No seu tempo, o discurso era, regra geral, gongórico, adornado de enfeites retóricos, períodos intercalados de transparências exclamativas, com suas expressões sentimen­tais; acentuações do que se diz, na interjeição; as apóstrofes; a exageração das propor­ções naturais, na hipérbole, etc. A tudo isto acrescentava-se o exórdio e a peroração. Hoje, tornar-se-ía cansativo e enfadonho. O nosso século é o século da velocidade, do pragmático, do objetivo. Porém, para a época era um primor literário, o gênero da orató­ria rebuscada.
O tempo atual mudou o seu aparato bombástico. O discurso dos dias presentes é mais enxuto, substantivado, objetivo. Tem visos de alocução. Mais direto, sem insinua­ções, nem arrodeios. Não se parece mais com a conferência, que precisa conferir... e sim com a palestra, simples e breve.
Diversa a época de 1817 quando a tribuna se ataviava de encantos literários. O valor conotativo da oratória era mais rico.
E o padre Miguelinho foi um grande orador, via por onde desaguava a vasta erudi­ção de suas letras clássicas. A sua Orasam Acadêmica foi um dos marcos iniciais da Universidade Brasileira, uma verdadeira Aula Magna de cultura humanista.
Diz Daniel-Rops, da Academia Francesa, que o púlpito foi implantado nas Igrejas pelos Dominicanos, em Toulouse, quando se iniciou a Pregação. São Bernardo, o mon­ge branco; Francisco de Assis; são Domingos, atraem multidões. O mais famoso des­ses pregadores - Santo Antônio de Pádua. Seguem-se são Boaventura, Thomaz de Aquino, Pedro, o Eremita... Gilbert de Nogent, Urbano II e Inocêncio III.

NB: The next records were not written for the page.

(* Let $n \ge 1$ and $k > 1$ be integers. If the $n \times n$ Domineering board has outcome ${\rm 1st}$, then the $n \times kn$ board ($n$ rows, $kn$ columns) has outcome ${\rm 2nd}$ or $H$ when $k$ is even, and outcome ${\rm 1st}$ or $H$ when $k$ is odd. If the $n \times n$ board has outcome ${\rm 2nd}$, then the $n \times kn$ board has outcome ${\rm 2nd}$ or $H$ for every $k > 1$.
   Context: Domineering on an $a \times b$ board (a rectangle of $a$ rows and $b$ columns of unit cells): two players, Vera and Hepzibah, alternately place dominoes on empty cells; Vera places vertical dominoes (covering two vertically adjacent empty cells), Hepzibah places horizontal dominoes (covering two horizontally adjacent empty cells). A player who cannot move on her turn loses. The outcome class is $V$ if Vera wins with optimal play regardless of who moves first, $H$ if Hepzibah wins regardless of who moves first, ${\rm 1st}$ if the first player wins, and ${\rm 2nd}$ if the second player wins. *)

theory Defs
  imports Main
begin

text \<open>Cells are pairs (row, column). The a x b board has rows 0..a-1 and columns 0..b-1.
  A position is the set of empty cells; the player named is the one to move.\<close>

datatype player = Vera | Hepzibah

fun other :: "player \<Rightarrow> player" where
  "other Vera = Hepzibah"
| "other Hepzibah = Vera"

definition board :: "nat \<Rightarrow> nat \<Rightarrow> (nat \<times> nat) set" where
  "board a b = {(i, j). i < a \<and> j < b}"

fun moves :: "player \<Rightarrow> (nat \<times> nat) set \<Rightarrow> (nat \<times> nat) set set" where
  "moves Vera S = {{(i, j), (Suc i, j)} | i j. (i, j) \<in> S \<and> (Suc i, j) \<in> S}"
| "moves Hepzibah S = {{(i, j), (i, Suc j)} | i j. (i, j) \<in> S \<and> (i, Suc j) \<in> S}"

text \<open>The least fixed point
  is correct since play on a finite board terminates.\<close>
inductive win :: "player \<Rightarrow> (nat \<times> nat) set \<Rightarrow> bool"
  and lose :: "player \<Rightarrow> (nat \<times> nat) set \<Rightarrow> bool" where
  winI: "m \<in> moves p S \<Longrightarrow> lose (other p) (S - m) \<Longrightarrow> win p S"
| loseI: "(\<forall>m \<in> moves p S. win (other p) (S - m)) \<Longrightarrow> lose p S"

definition outcome_V :: "nat \<Rightarrow> nat \<Rightarrow> bool" where
  "outcome_V a b \<longleftrightarrow> win Vera (board a b) \<and> lose Hepzibah (board a b)"

definition outcome_H :: "nat \<Rightarrow> nat \<Rightarrow> bool" where
  "outcome_H a b \<longleftrightarrow> win Hepzibah (board a b) \<and> lose Vera (board a b)"

definition outcome_1st :: "nat \<Rightarrow> nat \<Rightarrow> bool" where
  "outcome_1st a b \<longleftrightarrow> win Vera (board a b) \<and> win Hepzibah (board a b)"

definition outcome_2nd :: "nat \<Rightarrow> nat \<Rightarrow> bool" where
  "outcome_2nd a b \<longleftrightarrow> lose Vera (board a b) \<and> lose Hepzibah (board a b)"

end

theory Submission
  imports Defs
begin

text \<open>Forbid Hepzibah to place a domino across the boundary between two of the k column
  blocks of width n. This can only hurt her, and on a single n x n block it changes nothing.
  In the restricted game the n x kn board is a disjunctive sum of k copies of the square, and
  two copies side by side are a loss for Vera moving first: Hepzibah answers every vertical
  domino in one copy by its transpose, a horizontal domino, in the other copy, so that the two
  copies stay transposes of each other. Pairing off the blocks, Vera moving first loses when k
  is even. When k is odd the board is one square plus such pairs, so a first-move win for
  Hepzibah, or a first-move loss for Vera, on the square carries over to the whole board.
  Determinacy of finite games turns these facts into the stated outcome classes.\<close>

lemma other_other [simp]: "other (other p) = p"
  by (cases p) auto

section \<open>Games given by a move function\<close>

inductive wins :: "(player \<Rightarrow> 'a set \<Rightarrow> 'a set set) \<Rightarrow> player \<Rightarrow> 'a set \<Rightarrow> bool"
  and loses :: "(player \<Rightarrow> 'a set \<Rightarrow> 'a set set) \<Rightarrow> player \<Rightarrow> 'a set \<Rightarrow> bool" for M where
  winsI: "m \<in> M p S \<Longrightarrow> loses M (other p) (S - m) \<Longrightarrow> wins M p S"
| losesI: "(\<forall>m \<in> M p S. wins M (other p) (S - m)) \<Longrightarrow> loses M p S"

lemma wins_iff: "wins M p S \<longleftrightarrow> (\<exists>m \<in> M p S. loses M (other p) (S - m))"
  by (auto elim: wins.cases intro: winsI)

lemma loses_iff: "loses M p S \<longleftrightarrow> (\<forall>m \<in> M p S. wins M (other p) (S - m))"
  by (auto elim: loses.cases intro: losesI)

lemma wins_or_loses:
  assumes "finite S" and "\<And>p T m. m \<in> M p T \<Longrightarrow> m \<inter> T \<noteq> {}"
  shows "wins M p S \<or> loses M p S"
  using assms(1)
proof (induction S arbitrary: p rule: finite_psubset_induct)
  case (psubset S)
  have "wins M (other p) (S - m)" if "m \<in> M p S" "\<not> loses M (other p) (S - m)" for m
    using psubset.IH[of "S - m" "other p"] assms(2)[OF that(1)] that(2) by blast
  then show ?case
    by (meson winsI losesI)
qed

lemma
  assumes "\<And>S. M p S \<subseteq> M' p S" and "\<And>S. M' (other p) S \<subseteq> M (other p) S"
  shows wins_mono: "wins M p S \<Longrightarrow> wins M' p S"
    and loses_mono: "loses M (other p) S \<Longrightarrow> loses M' (other p) S"
proof -
  have "wins M q S \<Longrightarrow> q = p \<Longrightarrow> wins M' q S"
    and "loses M q S \<Longrightarrow> q = other p \<Longrightarrow> loses M' q S" for q
  proof (induction rule: wins_loses.inducts)
    case (winsI m q S)
    then have "m \<in> M' q S" and "loses M' (other q) (S - m)"
      using assms(1) by auto
    then show ?case
      by (rule wins_loses.winsI)
  next
    case (losesI q S)
    then have "\<forall>m \<in> M' q S. wins M' (other q) (S - m)"
      using assms(2)[of S] by simp blast
    then show ?case
      by (rule wins_loses.losesI)
  qed
  then show "wins M p S \<Longrightarrow> wins M' p S" and "loses M (other p) S \<Longrightarrow> loses M' (other p) S"
    by auto
qed

lemma
  assumes "\<And>p T. T \<subseteq> S \<Longrightarrow> M p T = M' p T"
  shows wins_cong: "wins M p S \<longleftrightarrow> wins M' p S"
    and loses_cong: "loses M p S \<longleftrightarrow> loses M' p S"
proof -
  have one_way:
    "wins M p S \<Longrightarrow> (\<forall>q T. T \<subseteq> S \<longrightarrow> M q T = M' q T) \<Longrightarrow> wins M' p S"
    "loses M p S \<Longrightarrow> (\<forall>q T. T \<subseteq> S \<longrightarrow> M q T = M' q T) \<Longrightarrow> loses M' p S"
    for M M' :: "player \<Rightarrow> 'a set \<Rightarrow> 'a set set" and p S
  proof (induction rule: wins_loses.inducts)
    case (winsI m p S)
    then have "m \<in> M' p S" and "loses M' (other p) (S - m)"
      by auto
    then show ?case
      by (rule wins_loses.winsI)
  next
    case (losesI p S)
    have "wins M' (other p) (S - m)" if "m \<in> M' p S" for m
    proof -
      have "m \<in> M p S"
        using that losesI.prems by auto
      moreover have "\<forall>q T. T \<subseteq> S - m \<longrightarrow> M q T = M' q T"
        using losesI.prems by auto
      ultimately show ?thesis
        using losesI.IH by blast
    qed
    then show ?case
      by (intro wins_loses.losesI ballI)
  qed
  have agree: "\<forall>q T. T \<subseteq> S \<longrightarrow> M q T = M' q T"
    and agree': "\<forall>q T. T \<subseteq> S \<longrightarrow> M' q T = M q T"
    using assms by auto
  show "wins M p S \<longleftrightarrow> wins M' p S"
    using one_way(1)[OF _ agree] one_way(1)[OF _ agree'] by blast
  show "loses M p S \<longleftrightarrow> loses M' p S"
    using one_way(2)[OF _ agree] one_way(2)[OF _ agree'] by blast
qed

lemma win_eq_wins: "win p S \<longleftrightarrow> wins moves p S"
  and lose_eq_loses: "lose p S \<longleftrightarrow> loses moves p S"
proof -
  have "win p S \<Longrightarrow> wins moves p S" and "lose p S \<Longrightarrow> loses moves p S"
    by (induction rule: win_lose.inducts) (auto intro: winsI losesI)
  moreover have "wins moves p S \<Longrightarrow> win p S" and "loses moves p S \<Longrightarrow> lose p S"
    by (induction rule: wins_loses.inducts) (auto intro: winI loseI)
  ultimately show "win p S \<longleftrightarrow> wins moves p S" and "lose p S \<longleftrightarrow> loses moves p S"
    by blast+
qed

lemma moves_subset: "m \<in> moves p S \<Longrightarrow> m \<noteq> {} \<and> m \<subseteq> S"
  by (cases p) auto

lemma moves_restrict: "m \<in> moves p S \<Longrightarrow> m \<subseteq> T \<Longrightarrow> m \<in> moves p T"
  by (cases p) auto

lemma finite_board: "finite (board a b)"
proof -
  have "board a b \<subseteq> {..<a} \<times> {..<b}"
    by (auto simp: board_def)
  then show ?thesis
    by (rule finite_subset) simp
qed

lemma swap_board: "prod.swap ` board n n = board n n"
  by (auto simp: board_def)

fun partner :: "player \<Rightarrow> nat \<times> nat \<Rightarrow> nat \<times> nat" where
  "partner Vera (i, j) = (Suc i, j)"
| "partner Hepzibah (i, j) = (i, Suc j)"

lemma moves_partner: "moves p S = {{c, partner p c} | c. c \<in> S \<and> partner p c \<in> S}"
  by (cases p) force+

lemma moves_image:
  assumes "inj f" and partner_f: "\<And>c. partner q (f c) = f (partner p c)"
  shows "moves q (f ` X) = image f ` moves p X"
proof
  show "moves q (f ` X) \<subseteq> image f ` moves p X"
  proof
    fix m assume "m \<in> moves q (f ` X)"
    then obtain c where c: "c \<in> X" "f (partner p c) \<in> f ` X" and m: "m = f ` {c, partner p c}"
      unfolding moves_partner by (auto simp: partner_f)
    then have "{c, partner p c} \<in> moves p X"
      using inj_image_mem_iff[OF assms(1)] unfolding moves_partner by blast
    with m show "m \<in> image f ` moves p X"
      by blast
  qed
  show "image f ` moves p X \<subseteq> moves q (f ` X)"
  proof
    fix m assume "m \<in> image f ` moves p X"
    then obtain c where "c \<in> X" "partner p c \<in> X" and m: "m = {f c, partner q (f c)}"
      unfolding moves_partner by (auto simp: partner_f)
    then have "f c \<in> f ` X" and "partner q (f c) \<in> f ` X"
      by (simp_all add: partner_f)
    with m show "m \<in> moves q (f ` X)"
      unfolding moves_partner by blast
  qed
qed

lemma moves_swap: "moves (other p) (prod.swap ` X) = image prod.swap ` moves p X"
proof (rule moves_image)
  show "partner (other p) (prod.swap c) = prod.swap (partner p c)" for c
    by (cases p; cases c) auto
qed simp

lemma win_or_lose_board: "win p (board a b) \<or> lose p (board a b)"
proof -
  have "m \<inter> T \<noteq> {}" if "m \<in> moves q T" for m q T
    using moves_subset[OF that] by blast
  then show ?thesis
    using wins_or_loses[OF finite_board] by (simp add: win_eq_wins lose_eq_loses)
qed

section \<open>Domineering restricted to column blocks\<close>

definition blocks :: "nat \<Rightarrow> (nat \<times> nat) set \<Rightarrow> nat set" where
  "blocks n S = (\<lambda>(i, j). j div n) ` S"

lemma blocks_mono: "A \<subseteq> B \<Longrightarrow> blocks n A \<subseteq> blocks n B"
  by (auto simp: blocks_def)

lemma blocks_disjoint: "blocks n A \<inter> blocks n B = {} \<Longrightarrow> A \<inter> B = {}"
  by (auto simp: blocks_def)

definition block_moves :: "nat \<Rightarrow> player \<Rightarrow> (nat \<times> nat) set \<Rightarrow> (nat \<times> nat) set set" where
  "block_moves n p S = {m \<in> moves p S. \<exists>b. \<forall>(i, j) \<in> m. j div n = b}"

"Os dois Testamentos são os peitos. Pregadores, bebei!" exclamava Hildeberto... “Todos os Sermões medievais transbor­dam de vida, de matiz, e terminam com uma mensagem edificante, facilmente compreensível".

Tal a fonte que iria beber Miguelinho para tornar-se Pregador, que o foi culminando com a láurea de respeitado docente de Retórica, no Seminário de Olinda.
Como político, nas reuniões secretas que tomou parte, o verbo de Miguelinho deve ter sido inflamável como inflamável era o seu nacionalismo, o seu patriotismo, o seu idealismo. A oratória vibrante devia possuir a flama ardente de um Raul Ardent, sacer­dote, cuja "palavra era um gládio".
Além de grande tribuno foi também professor de Teologia. Foi ele um dos primei­ros a levantar a chama ardente da inteligência pátria nos currículos universitários. A História registra o seu nome glorioso de intelectual e orador com o mesmo carinho e veneração que o faz em relação ao seu martírio heróico.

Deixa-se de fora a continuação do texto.